Saison is a unique beer style. Open for interpretation, yet bound by traditions and rough guidelines, it’s a difficult concept to box in. A great saison is refreshing, complex, and easy to drink. It’s the kind of beer you want to have after a long day’s work but also share with beer-nerds and wine drinkers. Saison threads many needles.

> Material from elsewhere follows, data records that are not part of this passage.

(* Let $k$ be a field of characteristic $\neq 2$, $\mathcal A=k[t,t^{-1},(1-t)^{-1}]\subset k(t)$, $t'=1-t^{-1}$, $t''=(1-t)^{-1}$, $\mathfrak g=\mathfrak{sl}_2(k)\otimes_k\mathcal A$, and let $x=\begin{pmatrix}-1&2\\0&1\end{pmatrix}$, $y=\begin{pmatrix}-1&0\\-2&1\end{pmatrix}$, $z=\begin{pmatrix}1&0\\0&-1\end{pmatrix}$. Put $u_0=\tfrac14\bigl(z\otimes 1+x\otimes t''+y\otimes(t''-1)\bigr)$, $u_1=\tfrac14\bigl(x\otimes 1+y\otimes t+z\otimes(t-1)\bigr)$, $u_2=\tfrac14\bigl(y\otimes 1+z\otimes t'+x\otimes(t'-1)\bigr)$. Then: (i) $\{u_0,u_1,u_2\}$ is a basis of $\mathfrak g$ as an $\mathcal A$-module; (ii) $[u_0,u_1]=-u_2t$, $[u_1,u_2]=-u_0t'$, $[u_2,u_0]=-u_1t''$; (iii) $u_0,u_1,u_2$ generate $\mathfrak g$ as a Lie algebra over $k$.
   Context: $\mathfrak g$ is a Lie algebra over $\mathcal A$ with bracket $[a\otimes f,b\otimes g]=[a,b]\otimes fg$; for $g\in\mathfrak g$ and $a\in\mathcal A$, $ga$ denotes the $\mathcal A$-module action. *)

theory Defs
  imports "HOL-Analysis.Analysis" "HOL-Computational_Algebra.Polynomial" "HOL-Computational_Algebra.Fraction_Field"
begin

type_synonym 'a rf = "'a poly fract"

definition rf_of_poly :: "'a::field poly \<Rightarrow> 'a rf" where
  "rf_of_poly p = Fract p 1"

definition tt :: "'a::field rf" where
  "tt = rf_of_poly [:0, 1:]"

definition tt' :: "'a::field rf" where
  "tt' = 1 - inverse tt"

definition tt'' :: "'a::field rf" where
  "tt'' = inverse (1 - tt)"

definition A_ring :: "'a::field rf set" where
  "A_ring = {f. \<exists>p (a::nat) (b::nat). f = rf_of_poly p / (tt ^ a * (1 - tt) ^ b)}"

text \<open>g = sl_2(k) \<otimes>_k A, realised as the traceless 2x2 matrices with entries in A.\<close>
definition g_alg :: "('a::field rf ^ 2 ^ 2) set" where
  "g_alg = {M. (\<forall>i j. M $ i $ j \<in> A_ring) \<and> trace M = 0}"

definition lie_br :: "'a::field rf ^ 2 ^ 2 \<Rightarrow> 'a rf ^ 2 ^ 2 \<Rightarrow> 'a rf ^ 2 ^ 2" where
  "lie_br M N = M ** N - N ** M"

definition mact :: "'a::field rf ^ 2 ^ 2 \<Rightarrow> 'a rf \<Rightarrow> 'a rf ^ 2 ^ 2" where
  "mact M f = (\<chi> i j. M $ i $ j * f)"

definition tens :: "'a::field ^ 2 ^ 2 \<Rightarrow> 'a rf \<Rightarrow> 'a rf ^ 2 ^ 2" where
  "tens a f = (\<chi> i j. rf_of_poly [: a $ i $ j :] * f)"

definition mk2 :: "'a::zero \<Rightarrow> 'a \<Rightarrow> 'a \<Rightarrow> 'a \<Rightarrow> 'a ^ 2 ^ 2" where
  "mk2 a b c d = vector [vector [a, b], vector [c, d]]"

definition xm :: "'a::field ^ 2 ^ 2" where "xm = mk2 (-1) 2 0 1"
definition ym :: "'a::field ^ 2 ^ 2" where "ym = mk2 (-1) 0 (-2) 1"
definition zm :: "'a::field ^ 2 ^ 2" where "zm = mk2 1 0 0 (-1)"

definition u0 :: "'a::field rf ^ 2 ^ 2" where
  "u0 = mact (tens zm 1 + tens xm tt'' + tens ym (tt'' - 1)) (1/4)"
definition u1 :: "'a::field rf ^ 2 ^ 2" where
  "u1 = mact (tens xm 1 + tens ym tt + tens zm (tt - 1)) (1/4)"
definition u2 :: "'a::field rf ^ 2 ^ 2" where
  "u2 = mact (tens ym 1 + tens zm tt' + tens xm (tt' - 1)) (1/4)"

inductive_set lie_gen :: "('a::field rf ^ 2 ^ 2) set \<Rightarrow> ('a rf ^ 2 ^ 2) set"
  for S where
  base: "M \<in> S \<Longrightarrow> M \<in> lie_gen S"
| zero: "0 \<in> lie_gen S"
| add: "M \<in> lie_gen S \<Longrightarrow> N \<in> lie_gen S \<Longrightarrow> M + N \<in> lie_gen S"
| smul: "M \<in> lie_gen S \<Longrightarrow> mact M (rf_of_poly [: c :]) \<in> lie_gen S"
| br: "M \<in> lie_gen S \<Longrightarrow> N \<in> lie_gen S \<Longrightarrow> lie_br M N \<in> lie_gen S"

Brewing a saison is a straightforward process. By following some basic techniques, you’ll be brewing amazing beer that could make a Belgian tear up. Focus on dry, rustic, balanced flavors to get you the results you’re searching for.

Good luck brewing and santé!

Frequently Asked Questions

What is the difference between a farmhouse ale and a saison?

The term farmhouse ale has grown synonymous with saison. In reality, farmhouse ale refers to a much more comprehensive range of beers, styles, and geographic regions.

Phil Markowski’s widely popular and influential 2004 book Farmhouse Ales helped make the term common in craft beer. Ever since, Belgian and French Saisons have almost interchangeably been referred to as farmhouse ale.

Traditional farms in Belgium and Northern France once brewed their own beers and served it to their seasonal workers. The term saison -- meaning season -- was born.

These days, farmhouse ale is used to encapsulate the saison style but also allows for modern interpretations. Farmhouse ales can be clean, funky, bitingly sour, or everything in between. It’s a flexible term that points to a brewing philosophy rather than a specific style of beer.